§ **Problem statement**: Each line in the entries below that holds the word "step" belongs in the answer.

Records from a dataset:
_____

text \<open>The constant 1 here, rather than the 2 that |a^2 - b^2| \<le> 2|a - b| would give, is what
  the bound 1/(36 t^2) needs.\<close>

lemma measurement_prob_diff_le_dist:
  fixes \<psi> \<phi> :: "'a \<Rightarrow> 'b::real_normed_vector"
  assumes "finite I" "A \<subseteq> I"
    and "L2_set (\<lambda>i. norm (\<psi> i)) I = 1" "L2_set (\<lambda>i. norm (\<phi> i)) I = 1"
  shows "(\<Sum>i\<in>A. (norm (\<psi> i))\<^sup>2) - (\<Sum>i\<in>A. (norm (\<phi> i))\<^sup>2) \<le> L2_set (\<lambda>i. norm (\<psi> i - \<phi> i)) I"
proof -
  have close: "(L2_set (\<lambda>i. norm (\<psi> i)) B - L2_set (\<lambda>i. norm (\<phi> i)) B)\<^sup>2
      \<le> (L2_set (\<lambda>i. norm (\<psi> i - \<phi> i)) B)\<^sup>2" for B
    using L2_set_norm_le_diff[where \<psi> = \<psi> and \<phi> = \<phi> and A = B]
      L2_set_norm_le_diff[where \<psi> = \<phi> and \<phi> = \<psi> and A = B]
    by (simp add: abs_le_square_iff[symmetric] abs_le_iff norm_minus_commute)
  define a where "a = L2_set (\<lambda>i. norm (\<psi> i)) A"
  define a' where "a' = L2_set (\<lambda>i. norm (\<psi> i)) (I - A)"
  define b where "b = L2_set (\<lambda>i. norm (\<phi> i)) A"
  define b' where "b' = L2_set (\<lambda>i. norm (\<phi> i)) (I - A)"
  define d where "d = L2_set (\<lambda>i. norm (\<psi> i - \<phi> i)) I"
  have "a\<^sup>2 + a'\<^sup>2 = 1" "b\<^sup>2 + b'\<^sup>2 = 1"
    using assms(3,4) power2_L2_set_split[OF assms(1,2), of "\<lambda>i. norm (\<psi> i)"]
      power2_L2_set_split[OF assms(1,2), of "\<lambda>i. norm (\<phi> i)"]
    unfolding a_def a'_def b_def b'_def by simp_all
  then have "(a\<^sup>2 - b\<^sup>2)\<^sup>2 \<le> (a - b)\<^sup>2 + (a' - b')\<^sup>2"
    by (intro sq_diff_sq_le_dist_sq) (simp_all add: a_def a'_def b_def b'_def)
  also have "\<dots> \<le> d\<^sup>2"
    using add_mono[OF close[of A] close[of "I - A"]]
      power2_L2_set_split[OF assms(1,2), of "\<lambda>i. norm (\<psi> i - \<phi> i)"]
    unfolding a_def a'_def b_def b'_def d_def by simp
  finally have "\<bar>a\<^sup>2 - b\<^sup>2\<bar> \<le> d"
    by (simp add: abs_le_square_iff[symmetric] d_def)
  then show ?thesis
    by (simp add: a_def b_def d_def power2_L2_set)
qed

definition state_norm :: "nat \<Rightarrow> nat \<Rightarrow> state \<Rightarrow> real" where
  "state_norm n m \<psi> = L2_set (\<lambda>i. cmod (\<psi> i)) (carrier n m)"

lemma state_norm_triangle: "state_norm n m (\<psi> + \<phi>) \<le> state_norm n m \<psi> + state_norm n m \<phi>"
proof -
  have "state_norm n m (\<psi> + \<phi>) \<le> L2_set (\<lambda>i. cmod (\<psi> i) + cmod (\<phi> i)) (carrier n m)"
    unfolding state_norm_def by (rule L2_set_mono) (auto simp: norm_triangle_ineq)
  also have "\<dots> \<le> state_norm n m \<psi> + state_norm n m \<phi>"
    unfolding state_norm_def by (rule L2_set_triangle_ineq)
  finally show ?thesis .
qed

lemma state_norm_init:
  assumes "length w \<le> m"
  shows "state_norm n m (init n m w) = 1"
proof -
  let ?p = "(False, replicate n False, w @ replicate (m - length w) False)"
  have "?p \<in> carrier n m"
    using assms by (simp add: carrier_def)
  moreover have "(cmod (init n m w i))\<^sup>2 = (if i = ?p then 1 else 0)" for i
    by (simp add: init_def)
  ultimately have "(\<Sum>i\<in>carrier n m. (cmod (init n m w i))\<^sup>2) = 1"
    using finite_carrier by simp
  then show ?thesis
    by (simp add: state_norm_def L2_set_def)
qed

lemma state_norm_mat_apply:
  assumes "unitary_on n m M"
  shows "state_norm n m (mat_apply n m M \<psi>) = state_norm n m \<psi>"
proof -
  let ?C = "carrier n m"
  have "complex_of_real (\<Sum>k\<in>?C. (cmod (mat_apply n m M \<psi> k))\<^sup>2)
      = (\<Sum>k\<in>?C. (\<Sum>j\<in>?C. M k j * \<psi> j) * cnj (\<Sum>j'\<in>?C. M k j' * \<psi> j'))"
    unfolding of_real_sum
    by (intro sum.cong refl) (subst complex_norm_square, simp add: mat_apply_def)
  also have "\<dots> = (\<Sum>k\<in>?C. \<Sum>j'\<in>?C. \<Sum>j\<in>?C. \<psi> j * cnj (\<psi> j') * (cnj (M k j') * M k j))"
    by (simp add: sum_distrib_left sum_distrib_right algebra_simps)
  also have "\<dots> = (\<Sum>j'\<in>?C. \<Sum>j\<in>?C. \<Sum>k\<in>?C. \<psi> j * cnj (\<psi> j') * (cnj (M k j') * M k j))"
    by (subst sum.swap) (intro sum.cong refl sum.swap)
  also have "\<dots> = (\<Sum>j'\<in>?C. \<Sum>j\<in>?C. \<psi> j * cnj (\<psi> j') * (if j' = j then 1 else 0))"
    using assms by (simp add: unitary_on_def flip: sum_distrib_left)
  also have "\<dots> = (\<Sum>j\<in>?C. \<psi> j * cnj (\<psi> j))"
    by (simp add: finite_carrier if_distrib cong: if_cong)
  also have "\<dots> = complex_of_real (\<Sum>j\<in>?C. (cmod (\<psi> j))\<^sup>2)"
    unfolding of_real_sum by (intro sum.cong refl) (subst complex_norm_square, simp)
  finally show ?thesis
    unfolding state_norm_def L2_set_def of_real_eq_iff by simp
qed

lemma state_norm_phase: "state_norm n m (phase T \<psi>) = state_norm n m \<psi>"
  unfolding state_norm_def by (intro L2_set_cong) (auto simp: phase_def norm_mult)

lemma state_norm_apply_gate:
  "wf_gate n m g \<Longrightarrow> state_norm n m (apply_gate n m S U g \<psi>) = state_norm n m \<psi>"
  by (cases g) (simp_all add: state_norm_mat_apply state_norm_phase)

lemma state_norm_run:
  "\<forall>g\<in>set gs. wf_gate n m g \<Longrightarrow> state_norm n m (run n m S U gs \<psi>) = state_norm n m \<psi>"
  by (induction gs arbitrary: \<psi>) (simp_all add: state_norm_apply_gate)

lemma apply_gate_diff:
  "apply_gate n m S U g (\<psi> - \<phi>) = apply_gate n m S U g \<psi> - apply_gate n m S U g \<phi>"
  by (cases g) (auto simp: mat_apply_def phase_def algebra_simps fun_eq_iff sum_subtractf)

definition query_part :: "bool list set \<Rightarrow> state \<Rightarrow> state" where
  "query_part T \<chi> = (\<lambda>(b, x, z). if b \<and> x \<in> T then \<chi> (b, x, z) else 0)"

lemma state_norm_phase_diff:
  assumes "D \<subseteq> S"
  shows "state_norm n m (phase S \<phi> - phase D \<phi>) = 2 * state_norm n m (query_part (S - D) \<phi>)"
proof -
  have "cmod ((phase S \<phi> - phase D \<phi>) i) = 2 * cmod (query_part (S - D) \<phi> i)" for i
    using assms by (auto simp: phase_def query_part_def split: prod.split)
  then show ?thesis
    unfolding state_norm_def by (simp add: L2_set_right_distrib)
qed

lemma state_norm_run_diff_le:
  assumes "D \<subseteq> S" "\<forall>g\<in>set gs. wf_gate n m g"
  shows "state_norm n m (run n m S U gs \<psi> - run n m D U gs \<phi>) \<le> state_norm n m (\<psi> - \<phi>)
     + 2 * (\<Sum>j<num_S gs. state_norm n m (query_part (S - D) (run n m D U (prefix_before j gs) \<phi>)))"
  using assms(2)
proof (induction gs arbitrary: \<psi> \<phi>)
  case Nil
  then show ?case by (simp add: num_S_def)
next
  case (Cons g gs)
  let ?P = "\<lambda>gs \<phi>. \<Sum>j<num_S gs. state_norm n m (query_part (S - D) (run n m D U (prefix_before j gs) \<phi>))"
  have IH: "state_norm n m (run n m S U gs \<psi>' - run n m D U gs \<phi>')
      \<le> state_norm n m (\<psi>' - \<phi>') + 2 * ?P gs \<phi>'" for \<psi>' \<phi>'
    by (rule Cons.IH) (use Cons.prems in simp)
  show ?case
  proof (cases "g = QueryS")
    case True
    have "phase S \<psi> - phase D \<phi> = phase S (\<psi> - \<phi>) + (phase S \<phi> - phase D \<phi>)"
      by (simp add: apply_gate_diff[of n m S U QueryS, simplified])
    then have "state_norm n m (phase S \<psi> - phase D \<phi>)
        \<le> state_norm n m (phase S (\<psi> - \<phi>)) + state_norm n m (phase S \<phi> - phase D \<phi>)"
      by (metis state_norm_triangle)
    then have step: "state_norm n m (phase S \<psi> - phase D \<phi>)
        \<le> state_norm n m (\<psi> - \<phi>) + 2 * state_norm n m (query_part (S - D) \<phi>)"
      by (simp only: state_norm_phase state_norm_phase_diff[OF assms(1)])
    have "num_S (g # gs) = Suc (num_S gs)"
      using True by (simp add: num_S_def)
    then have shift: "?P (g # gs) \<phi> = state_norm n m (query_part (S - D) \<phi>) + ?P gs (phase D \<phi>)"
      using True by (simp only: sum.lessThan_Suc_shift) simp
    have "state_norm n m (run n m S U (g # gs) \<psi> - run n m D U (g # gs) \<phi>)
        = state_norm n m (run n m S U gs (phase S \<psi>) - run n m D U gs (phase D \<phi>))"
      using True by simp
    also have "\<dots> \<le> state_norm n m (phase S \<psi> - phase D \<phi>) + 2 * ?P gs (phase D \<phi>)"
      by (rule IH)
    also have "\<dots> \<le> state_norm n m (\<psi> - \<phi>) + 2 * ?P (g # gs) \<phi>"
      using step shift by simp
    finally show ?thesis .
  next
    case False
    then have same: "apply_gate n m D U g = apply_gate n m S U g"
      by (cases g) auto
    have gate: "state_norm n m (apply_gate n m S U g \<psi> - apply_gate n m D U g \<phi>) = state_norm n m (\<psi> - \<phi>)"
      using Cons.prems same by (simp flip: apply_gate_diff add: state_norm_apply_gate)
    have shift: "?P (g # gs) \<phi> = ?P gs (apply_gate n m D U g \<phi>)"
      using False by (simp add: num_S_def)
    have "state_norm n m (run n m S U (g # gs) \<psi> - run n m D U (g # gs) \<phi>)
        = state_norm n m (run n m S U gs (apply_gate n m S U g \<psi>) - run n m D U gs (apply_gate n m D U g \<phi>))"
      by simp
    also have "\<dots> \<le> state_norm n m (apply_gate n m S U g \<psi> - apply_gate n m D U g \<phi>)
        + 2 * ?P gs (apply_gate n m D U g \<phi>)"
      by (rule IH)
    also have "\<dots> = state_norm n m (\<psi> - \<phi>) + 2 * ?P (g # gs) \<phi>"
      by (simp only: gate shift)
    finally show ?thesis .
  qed
qed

_____

§ **Output for this exercise**:
    then have step: "state_norm n m (phase S \<psi> - phase D \<phi>)
      using step shift by simp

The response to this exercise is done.